### What the task requires
In the entries below, find every line with the string "three" and copy it.

━━━ Exercise data ━━━

(* Let $k\ge 3$, $K=\{1,\dots,k\}$, $T\subseteq K$ with $|T|=2$, and let $\bm v_1$ be a point of $PG(k-1,q)$ with $\mathrm{supp}(\bm v_1)\cap T=\emptyset$; set $\mathcal V=\{\bm v_1\}$ and $M=X^T\cup Y^T_{\mathcal V}\cup Z^T$. Let $C$ be the code over $\mathbb{F}_q$ with generator matrix $G$ whose columns are representing vectors of the points of $M$, one for each point. Then $C$ is an $[|M|,k]$ code with $d(C^\perp)=3$ and $\gamma(C)=k-1=k-d(C^\perp)+2$.
   Context: Points of $PG(k-1,q)$ are one-dimensional subspaces of $\mathbb{F}_q^k$, identified with any nonzero representing vector; the support $\mathrm{supp}(\bm x)=\{i:x_i\neq0\}$ of a point is well defined. $\bm e_i$ denotes the $i$-th standard unit vector of $\mathbb{F}_q^k$. Define $X^T=\{\bm x\in PG(k-1,q): \mathrm{supp}(\bm x)\cap T=\emptyset\}$; $Y^T_{\mathcal V}=\{\bm x\in PG(k-1,q): |\mathrm{supp}(\bm x)\cap T|=1\}$ minus all points represented by $\bm v_i+\lambda\bm e_j$ with $\bm v_i\in\mathcal V$, $j\in T$, $\lambda\in\mathbb{F}_q\setminus\{0\}$; $Z^T=\{\bm x\in PG(k-1,q): \mathrm{supp}(\bm x)\text{ is a 2-element subset of }T\}$. An $[n,k]$ code over $\mathbb{F}_q$ is a $k$-dimensional subspace $C\subseteq\mathbb{F}_q^n$; $E=\{1,\dots,n\}$; for $B\subseteq\mathbb{F}_q^n$, $\mathrm{Supp}(B)=\bigcup_{\bm x\in B}\mathrm{supp}(\bm x)$. $C^\perp$ is the dual code with respect to the standard inner product and $d(C^\perp)$ is the minimum weight (number of nonzero coordinates) of a nonzero codeword of $C^\perp$. The covering dimension is $\gamma(C)=\infty$ if $\mathrm{Supp}(C)\neq E$, and otherwise $\gamma(C)$ is the least positive integer $r$ such that $C$ has an $r$-dimensional subspace $D$ with $\mathrm{Supp}(D)=E$. *)

theory Defs
  imports Main "HOL-Library.Function_Algebras" "HOL-Library.Extended_Nat"
begin

text \<open>Vectors of F_q^m are functions nat => 'a vanishing outside the index set {1..m}.\<close>

definition fscale :: "'a::field \<Rightarrow> (nat \<Rightarrow> 'a) \<Rightarrow> (nat \<Rightarrow> 'a)" where
  "fscale c x = (\<lambda>i. c * x i)"

abbreviation fsubspace :: "(nat \<Rightarrow> 'a::field) set \<Rightarrow> bool" where
  "fsubspace S \<equiv> module.subspace fscale S"

abbreviation fdim :: "(nat \<Rightarrow> 'a::field) set \<Rightarrow> nat" where
  "fdim S \<equiv> vector_space.dim fscale S"

definition vecs :: "nat \<Rightarrow> (nat \<Rightarrow> 'a::field) set" where
  "vecs m = {x. \<forall>i. i \<notin> {1..m} \<longrightarrow> x i = 0}"

definition supp :: "(nat \<Rightarrow> 'a::zero) \<Rightarrow> nat set" where
  "supp x = {i. x i \<noteq> 0}"

definition unitv :: "nat \<Rightarrow> nat \<Rightarrow> 'a::field" where
  "unitv j = (\<lambda>i. if i = j then 1 else 0)"

definition proj_point :: "(nat \<Rightarrow> 'a::field) \<Rightarrow> (nat \<Rightarrow> 'a) set" where
  "proj_point v = {fscale c v | c. c \<noteq> 0}"

definition PG :: "nat \<Rightarrow> (nat \<Rightarrow> 'a::field) set set" where
  "PG k = {proj_point v | v. v \<in> vecs k \<and> v \<noteq> 0}"

text \<open>Support of a point (well defined, independent of the representative).\<close>
definition psupp :: "(nat \<Rightarrow> 'a::field) set \<Rightarrow> nat set" where
  "psupp P = supp (SOME v. v \<in> P)"

definition XT :: "nat \<Rightarrow> nat set \<Rightarrow> (nat \<Rightarrow> 'a::field) set set" where
  "XT k T = {P \<in> PG k. psupp P \<inter> T = {}}"

definition YT :: "nat \<Rightarrow> nat set \<Rightarrow> (nat \<Rightarrow> 'a::field) set set \<Rightarrow> (nat \<Rightarrow> 'a) set set" where
  "YT k T V = {P \<in> PG k. card (psupp P \<inter> T) = 1} -
     {proj_point (v + fscale c (unitv j)) | v j c. (\<exists>Q\<in>V. v \<in> Q) \<and> j \<in> T \<and> c \<noteq> 0}"

definition ZT :: "nat \<Rightarrow> nat set \<Rightarrow> (nat \<Rightarrow> 'a::field) set set" where
  "ZT k T = {P \<in> PG k. psupp P \<subseteq> T \<and> card (psupp P) = 2}"

text \<open>Code generated by the k x n matrix whose j-th column is cols j.\<close>
definition gen_code :: "nat \<Rightarrow> nat \<Rightarrow> (nat \<Rightarrow> nat \<Rightarrow> 'a::field) \<Rightarrow> (nat \<Rightarrow> 'a) set" where
  "gen_code k n cols = {(\<lambda>j. if j \<in> {1..n} then (\<Sum>i\<in>{1..k}. u i * cols j i) else 0) | u. u \<in> vecs k}"

definition Supp :: "(nat \<Rightarrow> 'a::zero) set \<Rightarrow> nat set" where
  "Supp B = (\<Union>x\<in>B. supp x)"

definition dual_code :: "nat \<Rightarrow> (nat \<Rightarrow> 'a::field) set \<Rightarrow> (nat \<Rightarrow> 'a) set" where
  "dual_code n C = {y \<in> vecs n. \<forall>x\<in>C. (\<Sum>i\<in>{1..n}. x i * y i) = 0}"

definition min_dist :: "(nat \<Rightarrow> 'a::zero) set \<Rightarrow> nat" where
  "min_dist C = Inf {card (supp x) | x. x \<in> C \<and> x \<noteq> 0}"

definition covdim :: "nat \<Rightarrow> (nat \<Rightarrow> 'a::field) set \<Rightarrow> enat" where
  "covdim n C = (if Supp C \<noteq> {1..n} then \<infinity>
     else enat (LEAST r. r > 0 \<and> (\<exists>D. fsubspace D \<and> D \<subseteq> C \<and> fdim D = r \<and> Supp D = {1..n})))"

end

theory Submission
  imports Defs
begin

text \<open>
  Every unit point lies in \<open>M\<close>, so \<open>u \<mapsto> u G\<close> is
  injective and \<open>dim C = k\<close>.  Dual codewords are linear relations among the columns: the
  columns are nonzero and pairwise non-proportional, so such a relation involves at least three
  of them, and \<open>e\<^sub>a, e\<^sub>b, e\<^sub>a + e\<^sub>b\<close> (where \<open>T = {a, b}\<close>) give one with exactly three.

  A subspace \<open>D = U G\<close> of \<open>C\<close> covers all coordinates iff no column is orthogonal to \<open>U\<close>.
  If \<open>dim U \<le> k - 2\<close>, the annihilator of \<open>U\<close> contains a projective line, and every line
  meets \<open>M\<close>: its points with vanishing \<open>a\<close>- resp. \<open>b\<close>-coordinate lie in \<open>X \<union> Y\<close>, unless
  they have the form \<open>v\<^sub>1 + \<lambda> e\<^sub>b\<close> and \<open>v\<^sub>1 + \<mu> e\<^sub>a\<close>, in which case a combination of them has
  support exactly \<open>T\<close> and lies in \<open>Z\<close>.  Conversely, the hyperplane orthogonal to the point
  \<open>v\<^sub>1 + e\<^sub>a \<notin> M\<close> gives a full-support subspace of dimension \<open>k - 1\<close>.
\<close>

section \<open>Coordinate vectors\<close>

interpretation vs: vector_space "fscale :: 'a::field \<Rightarrow> (nat \<Rightarrow> 'a) \<Rightarrow> _"
  by unfold_locales (auto simp: fscale_def fun_eq_iff algebra_simps)

lemma fscale_apply [simp]: "fscale c x i = c * x i"
  by (simp add: fscale_def)

lemma sum_fun_apply: "(\<Sum>v\<in>A. f v) (i::nat) = (\<Sum>v\<in>A. f v i)"
  by (induction A rule: infinite_finite_induct) auto

lemma fscale_eq_0_iff: "fscale c v = 0 \<longleftrightarrow> c = 0 \<or> v = 0"
  by (auto simp: fscale_def fun_eq_iff)

lemma supp_fscale [simp]: "c \<noteq> 0 \<Longrightarrow> supp (fscale c v) = supp v"
  by (auto simp: supp_def)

━━━

### Response to this exercise
  columns are nonzero and pairwise non-proportional, so such a relation involves at least three
  of them, and \<open>e\<^sub>a, e\<^sub>b, e\<^sub>a + e\<^sub>b\<close> (where \<open>T = {a, b}\<close>) give one with exactly three.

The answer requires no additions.